→ SOURCE INFORMATION:
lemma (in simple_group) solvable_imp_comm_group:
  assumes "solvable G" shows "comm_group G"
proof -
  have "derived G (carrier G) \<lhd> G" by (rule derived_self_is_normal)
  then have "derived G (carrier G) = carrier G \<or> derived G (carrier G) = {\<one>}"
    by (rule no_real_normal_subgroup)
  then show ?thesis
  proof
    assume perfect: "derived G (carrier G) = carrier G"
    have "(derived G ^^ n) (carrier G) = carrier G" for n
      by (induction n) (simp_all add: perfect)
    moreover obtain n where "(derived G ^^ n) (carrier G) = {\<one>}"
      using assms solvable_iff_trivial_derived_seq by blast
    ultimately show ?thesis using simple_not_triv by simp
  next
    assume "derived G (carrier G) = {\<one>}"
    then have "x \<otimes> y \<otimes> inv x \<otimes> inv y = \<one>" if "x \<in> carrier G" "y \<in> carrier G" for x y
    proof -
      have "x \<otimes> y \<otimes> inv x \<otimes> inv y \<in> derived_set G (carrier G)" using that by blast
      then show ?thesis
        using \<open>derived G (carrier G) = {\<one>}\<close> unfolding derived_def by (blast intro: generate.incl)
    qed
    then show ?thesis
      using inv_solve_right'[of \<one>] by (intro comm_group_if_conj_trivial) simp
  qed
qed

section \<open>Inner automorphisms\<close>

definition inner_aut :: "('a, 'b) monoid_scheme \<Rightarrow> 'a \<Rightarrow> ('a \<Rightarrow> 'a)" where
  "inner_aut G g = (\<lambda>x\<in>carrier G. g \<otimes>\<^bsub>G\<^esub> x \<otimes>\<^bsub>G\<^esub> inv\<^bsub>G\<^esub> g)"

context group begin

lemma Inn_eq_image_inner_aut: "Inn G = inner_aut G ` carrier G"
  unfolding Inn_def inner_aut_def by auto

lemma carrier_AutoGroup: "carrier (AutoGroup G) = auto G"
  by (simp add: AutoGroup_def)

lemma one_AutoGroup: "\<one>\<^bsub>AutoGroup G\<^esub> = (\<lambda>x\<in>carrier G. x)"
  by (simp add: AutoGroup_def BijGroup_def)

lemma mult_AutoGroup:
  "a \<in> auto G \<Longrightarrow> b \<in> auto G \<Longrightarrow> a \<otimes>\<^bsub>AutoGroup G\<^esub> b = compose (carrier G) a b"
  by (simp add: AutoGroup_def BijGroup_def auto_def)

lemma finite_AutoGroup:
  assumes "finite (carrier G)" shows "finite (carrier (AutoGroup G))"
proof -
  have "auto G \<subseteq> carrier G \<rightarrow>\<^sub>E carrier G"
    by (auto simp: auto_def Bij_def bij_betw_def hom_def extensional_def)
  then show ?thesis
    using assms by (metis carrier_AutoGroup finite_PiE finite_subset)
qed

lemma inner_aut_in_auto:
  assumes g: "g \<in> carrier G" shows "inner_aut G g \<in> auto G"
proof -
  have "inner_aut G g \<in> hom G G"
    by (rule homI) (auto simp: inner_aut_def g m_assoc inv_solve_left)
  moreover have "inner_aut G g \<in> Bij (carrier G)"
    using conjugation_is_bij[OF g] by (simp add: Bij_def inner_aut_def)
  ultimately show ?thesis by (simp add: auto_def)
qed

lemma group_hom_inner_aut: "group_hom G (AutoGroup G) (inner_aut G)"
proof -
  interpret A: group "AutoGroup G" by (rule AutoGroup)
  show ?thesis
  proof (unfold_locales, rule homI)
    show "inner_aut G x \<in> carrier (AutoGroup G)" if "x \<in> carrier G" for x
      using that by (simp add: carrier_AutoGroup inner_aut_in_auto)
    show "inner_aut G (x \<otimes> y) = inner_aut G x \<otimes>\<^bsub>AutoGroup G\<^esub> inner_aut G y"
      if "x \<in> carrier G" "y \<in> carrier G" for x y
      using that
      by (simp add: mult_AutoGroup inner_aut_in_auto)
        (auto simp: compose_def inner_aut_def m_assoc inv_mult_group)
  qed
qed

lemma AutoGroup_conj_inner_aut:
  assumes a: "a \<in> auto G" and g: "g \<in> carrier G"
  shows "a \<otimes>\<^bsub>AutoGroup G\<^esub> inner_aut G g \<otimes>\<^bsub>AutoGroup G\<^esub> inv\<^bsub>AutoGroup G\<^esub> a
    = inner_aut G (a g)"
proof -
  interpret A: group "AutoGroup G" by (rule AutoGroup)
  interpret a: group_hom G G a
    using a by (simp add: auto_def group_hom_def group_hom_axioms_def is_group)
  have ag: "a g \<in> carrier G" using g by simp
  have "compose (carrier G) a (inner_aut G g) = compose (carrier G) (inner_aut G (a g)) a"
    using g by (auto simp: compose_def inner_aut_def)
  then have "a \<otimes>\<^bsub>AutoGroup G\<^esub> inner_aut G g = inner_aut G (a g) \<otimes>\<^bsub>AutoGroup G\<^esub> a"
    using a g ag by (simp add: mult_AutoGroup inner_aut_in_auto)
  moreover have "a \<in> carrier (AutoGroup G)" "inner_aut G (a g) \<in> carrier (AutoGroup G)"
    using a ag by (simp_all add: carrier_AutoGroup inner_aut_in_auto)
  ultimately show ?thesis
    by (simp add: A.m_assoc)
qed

→ WORK REQUIRED:
Reproduce exactly the lines from the beginning of the entries above up to and including the line that contains "that by blast".

→ ANSWER AREA:
lemma (in simple_group) solvable_imp_comm_group:
  assumes "solvable G" shows "comm_group G"
proof -
  have "derived G (carrier G) \<lhd> G" by (rule derived_self_is_normal)
  then have "derived G (carrier G) = carrier G \<or> derived G (carrier G) = {\<one>}"
    by (rule no_real_normal_subgroup)
  then show ?thesis
  proof
    assume perfect: "derived G (carrier G) = carrier G"
    have "(derived G ^^ n) (carrier G) = carrier G" for n
      by (induction n) (simp_all add: perfect)
    moreover obtain n where "(derived G ^^ n) (carrier G) = {\<one>}"
      using assms solvable_iff_trivial_derived_seq by blast
    ultimately show ?thesis using simple_not_triv by simp
  next
    assume "derived G (carrier G) = {\<one>}"
    then have "x \<otimes> y \<otimes> inv x \<otimes> inv y = \<one>" if "x \<in> carrier G" "y \<in> carrier G" for x y
    proof -
      have "x \<otimes> y \<otimes> inv x \<otimes> inv y \<in> derived_set G (carrier G)" using that by blast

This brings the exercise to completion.